AMAZING hu?! And I get to be the sister who received that type of email! Don't be jealous or hating! ;) There is enough of my Chick to share! :D
|
Still a blond and still a brunette -- More sister love than can be imagined! |
I am grateful for Mother's who know & act on what they know!
Inspired sisters make the world better!
P.S. My FIRST General Conference as a married woman! Two GREATS that I am in love with! Best time of year! In just two hours we will be listening to a living Prophet of God--right in the comfort of our home! You can join us if you would like! What to know what God wants us to be doing with the days like they are? Watch conference! What to know why we are here and what is the purpose of life? Watch conference! Lost and confused, feel little or no worth, YOU are not alone! Watch conference!

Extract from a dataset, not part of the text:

(* Let $\mathsf P$ be a one-move rider with basic move $(c,d)$ and let $\mathcal B$ be a board. The denominator of the inside-out polytope $(\mathcal B^q,\mathcal A_{\mathsf P})$ equals the least common denominator of the corners of $\mathcal B$ when $q=1$, and when $q\ge2$ it equals the least common denominator of the corners of $\mathcal B$ and their antipodes.
   Context: A board $\mathcal B$ is a convex polygon in $\mathbb R^2$ with rational corners (vertices). A one-move rider has a single basic move $(c,d)\in\mathbb Z^2\setminus\{0\}$ with $\gcd(c,d)=1$. For $q$ pieces, $\mathcal A_{\mathsf P}$ is the arrangement in $\mathbb R^{2q}$ of hyperplanes $\mathcal H_{ij}=\{(z_1,\dots,z_q):(z_j-z_i)\cdot(d,-c)=0\}$, $1\le i<j\le q$. A vertex of $(\mathcal B^q,\mathcal A_{\mathsf P})$ is a point of $\mathcal B^q$ that is the unique point of an intersection of some of these hyperplanes and some affine hulls of facets of $\mathcal B^q$; the denominator of $(\mathcal B^q,\mathcal A_{\mathsf P})$ is the least common multiple of the least common denominators of the coordinates of its vertices. For a corner $z$ of $\mathcal B$, its antipode is the other point (if any) where the line through $z$ parallel to $(c,d)$ meets the boundary of $\mathcal B$ (possibly another corner); if $(c,d)$ is parallel to an edge $z_iz_j$ of $\mathcal B$, the corners $z_i$ and $z_j$ are each other's antipodes. The least common denominator of a set of rational points is the least common multiple of the denominators of all their coordinates. *)

theory Defs
  imports "HOL-Analysis.Analysis"
begin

(It is going to be incredible!!! You just wait and see! Answers to prayers, revelation, direction for life. Test the Lord! He won't fail you. There is a purpose to this life. You lived before you were born. And we ALL will live again after this life! You are important. God has a plan for you! Don't believe me, that is okay. You can ask God for yourself. I promise in His way and timing, He will answer your every sincere prayer!)